= Reeltime Pictures =

British video production company

Reeltime Pictures Ltd is a British film, television and video production company and a distributor of the films of other companies, founded in 1984 by Keith Barnfather.

As well as producing corporate and business television, it has made a number of broadcast documentary series including Lost Trains of Cyprus and Phoenix – A Story from the Diaspora.

The company is also known for its many documentaries about the long-running television series Doctor Who (Barnfather was a founding member of the Doctor Who Appreciation Society) and in particular for Myth Makers, a series of interviews with people associated with the making of the series. Many of these programs were hosted by actor Nicholas Briggs, who provided the voice of the Daleks in the 2005 series of Doctor Who.

Reeltime Pictures also pioneered a technique of creating direct-to-video Doctor Who spin-offs, despite the BBC's close guarding of the series, by building the spin-offs around incidental characters and monsters licensed directly from the writers who created them. Their first effort, 1987's Wartime, was a small-scale piece built around Sergeant Benton of UNIT, a recurring character from the 1970s.
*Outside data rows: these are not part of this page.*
(* Let $X\subset\mathbb{R}$ be an interval and $(X,T,\mu)$ a probability preserving dynamical system which is exponentially mixing for $BV$ against $L^1$, and suppose the short return time estimate holds: there are $C,s>0$ such that $\mu(A(r,n))\le Cr^s$ for all $r>0$ and $n\ge1$. Let $(r_n)_n$ be a sequence of positive numbers and $h:\mathbb{N}\to(0,\infty)$ a function with $h(n)\to\infty$ such that \[ r_n\le\frac{1}{(n\log n)^{1/s}h(n)}\quad\text{and}\quad \int\mu(B(x,r_n))\,d\mu(x)\le\frac{1}{n^2h(n)} \] for all large $n$. Then $\mu(\liminf_n F_{n,r_n}^T)=0$.
   Context: $(X,T,\mu)$ is exponentially mixing for $BV$ against $L^1$ if there are $C,\theta>0$ such that for all $\psi$ of bounded variation, all $\varphi\in L^1(\mu)$ and all $n\ge0$, $\bigl|\int\psi\cdot\varphi\circ T^n\,d\mu-\int\psi\,d\mu\int\varphi\,d\mu\bigr|\le C\|\psi\|_{BV}\|\varphi\|_{L^1}e^{-\theta n}$. $A(r,n):=\{x\in X: |x-T^nx|<r\}$. For $n\in\mathbb{N}$, $r>0$: $F_{n,r}^T:=\{x\in X: |T^ix-T^jx|<r \text{ for some } 0\le i<j<n\}$; $F_{n,r_n}^T$ is this set with $r=r_n$. $B(x,r)$ is the open ball of radius $r$ about $x$. *)

theory Defs
  imports "HOL-Probability.Probability"
begin

definition var_sums :: "real set \<Rightarrow> (real \<Rightarrow> real) \<Rightarrow> real set" where
  "var_sums X f = {(\<Sum>i<n. \<bar>f (x (Suc i)) - f (x i)\<bar>) | n x.
      (\<forall>i\<le>n. x i \<in> X) \<and> (\<forall>i<n. x i < x (Suc i))}"

definition bounded_variation :: "real set \<Rightarrow> (real \<Rightarrow> real) \<Rightarrow> bool" where
  "bounded_variation X f \<longleftrightarrow> bdd_above (var_sums X f) \<and> bdd_above ((\<lambda>x. \<bar>f x\<bar>) ` X)"

definition total_variation :: "real set \<Rightarrow> (real \<Rightarrow> real) \<Rightarrow> real" where
  "total_variation X f = Sup (var_sums X f)"

definition bv_norm :: "real set \<Rightarrow> (real \<Rightarrow> real) \<Rightarrow> real" where
  "bv_norm X f = (SUP x\<in>X. \<bar>f x\<bar>) + total_variation X f"

definition exp_mixing_BV_L1 :: "real measure \<Rightarrow> (real \<Rightarrow> real) \<Rightarrow> bool" where
  "exp_mixing_BV_L1 M T \<longleftrightarrow> (\<exists>C \<theta>. C > 0 \<and> \<theta> > 0 \<and>
     (\<forall>\<psi> \<phi> (n::nat). bounded_variation (space M) \<psi> \<longrightarrow> integrable M \<phi> \<longrightarrow>
        \<bar>(\<integral>x. \<psi> x * \<phi> ((T ^^ n) x) \<partial>M) - (\<integral>x. \<psi> x \<partial>M) * (\<integral>x. \<phi> x \<partial>M)\<bar>
          \<le> C * bv_norm (space M) \<psi> * (\<integral>x. \<bar>\<phi> x\<bar> \<partial>M) * exp (- \<theta> * real n)))"

definition A_set :: "real measure \<Rightarrow> (real \<Rightarrow> real) \<Rightarrow> real \<Rightarrow> nat \<Rightarrow> real set" where
  "A_set M T r n = {x \<in> space M. \<bar>x - (T ^^ n) x\<bar> < r}"

definition F_set :: "real measure \<Rightarrow> (real \<Rightarrow> real) \<Rightarrow> nat \<Rightarrow> real \<Rightarrow> real set" where
  "F_set M T n r = {x \<in> space M. \<exists>i j. i < j \<and> j < n \<and> \<bar>(T ^^ i) x - (T ^^ j) x\<bar> < r}"

end

theory Submission
  imports Defs
begin

(*
  Every x in F_{n,r} has an r-close return T^j x to T^i x, so F_{n,r} is covered by the
  preimages T^{-i} A(r,k) with 0 <= i < n and 1 <= k < n, and invariance gives
  mu(F_{n,r}) <= n * sum_k mu(A(r,k)).  For k below K ~ 3 log n / theta the short return
  estimate gives mu(A(r,k)) <= C r^s, which by the choice of r_n is at most
  C / (n log n h(n)^s).  For k >= K, cut X into intervals of length r: a close return
  stays in the same or a neighbouring interval, and exponential mixing applied to
  indicators of intervals (BV norm at most 3) bounds mu(A(r,k)) by
  3 * int mu(B(x,r)) dmu(x) + 9 C_mix exp(-theta k), which is O(1/(n^2 h(n)) + 1/n^3).
  Hence mu(F_{n,r_n}) -> 0, and a liminf of sets whose measures tend to 0 is null.
*)

lemma var_sums_indicator_Ico_le:
  fixes a b t :: real
  assumes "a \<le> b" and "t \<in> var_sums X (indicator {x \<in> X. a \<le> x \<and> x < b})"
  shows "t \<le> 2"
proof -
  let ?p = "indicator {x \<in> X. a \<le> x \<and> x < b} :: real \<Rightarrow> real"
  obtain n x where t: "t = (\<Sum>i<n. \<bar>?p (x (Suc i)) - ?p (x i)\<bar>)"
    and xX: "\<forall>i\<le>n. x i \<in> X" and inc: "\<forall>i<n. x i < x (Suc i)"
    using assms(2) unfolding var_sums_def by blast
  define u where "u y = (if a \<le> y then 1 else 0::real)" for y
  define v where "v y = (if b \<le> y then 1 else 0::real)" for y
  have p_eq: "?p y = u y - v y" if "y \<in> X" for y
    using that assms(1) by (auto simp: u_def v_def indicator_def)
  \<comment> \<open>both step functions are monotone, so their variations telescope\<close>
  have "t \<le> (\<Sum>i<n. (u (x (Suc i)) - u (x i)) + (v (x (Suc i)) - v (x i)))"
    unfolding t
  proof (rule sum_mono)
    fix i assume "i \<in> {..<n}"
    then have "x i \<in> X" "x (Suc i) \<in> X" "x i < x (Suc i)" using xX inc by auto
    then show "\<bar>?p (x (Suc i)) - ?p (x i)\<bar> \<le> (u (x (Suc i)) - u (x i)) + (v (x (Suc i)) - v (x i))"
      by (auto simp: p_eq u_def v_def)
  qed
  also have "\<dots> = (u (x n) - u (x 0)) + (v (x n) - v (x 0))"
    by (simp add: sum.distrib sum_lessThan_telescope[of "\<lambda>i. u (x i)"]
        sum_lessThan_telescope[of "\<lambda>i. v (x i)"])
  also have "\<dots> \<le> 2" by (simp add: u_def v_def)
  finally show ?thesis .
qed

lemma
  fixes a b :: real
  assumes "X \<noteq> {}" and "a \<le> b"
  shows bounded_variation_indicator_Ico: "bounded_variation X (indicator {x \<in> X. a \<le> x \<and> x < b})"
    and bv_norm_indicator_Ico_le: "bv_norm X (indicator {x \<in> X. a \<le> x \<and> x < b}) \<le> 3"
proof -
  let ?p = "indicator {x \<in> X. a \<le> x \<and> x < b} :: real \<Rightarrow> real"
  obtain x0 where x0: "x0 \<in> X" using assms(1) by blast
  have "0 \<in> var_sums X ?p"
    unfolding var_sums_def using x0 by (intro CollectI exI[of _ 0] exI[of _ "\<lambda>_. x0"]) simp
  then have nonempty: "var_sums X ?p \<noteq> {}" by blast
  have var: "bdd_above (var_sums X ?p)" "total_variation X ?p \<le> 2"
    using var_sums_indicator_Ico_le[OF assms(2)] nonempty
    unfolding total_variation_def by (auto intro!: bdd_aboveI cSup_least)
  have sup: "bdd_above ((\<lambda>x. \<bar>?p x\<bar>) ` X)" "(SUP x\<in>X. \<bar>?p x\<bar>) \<le> 1"
    using assms(1) by (auto intro!: bdd_aboveI[of _ 1] cSUP_least simp: indicator_def)
  show "bounded_variation X ?p"
    unfolding bounded_variation_def using var sup by simp
  show "bv_norm X ?p \<le> 3"
    unfolding bv_norm_def using var sup by simp
qed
In 1987, Reeltime produced Myth Runner, a parody of Blade Runner written, directed by and starring Briggs, featuring outtakes from the Myth Makers video series.

Later and more ambitious productions include Mindgame, Downtime, and Dæmos Rising. Despite its non-BBC-licensed status, a novelisation of Downtime was released as part of the BBC-licensed Virgin Missing Adventures Doctor Who spin-off novels. The narrative of Downtime was expanded to incorporate the Doctor, a character missing from the video version for copyright reasons, with the narrative of the original production forming the middle third of the novel.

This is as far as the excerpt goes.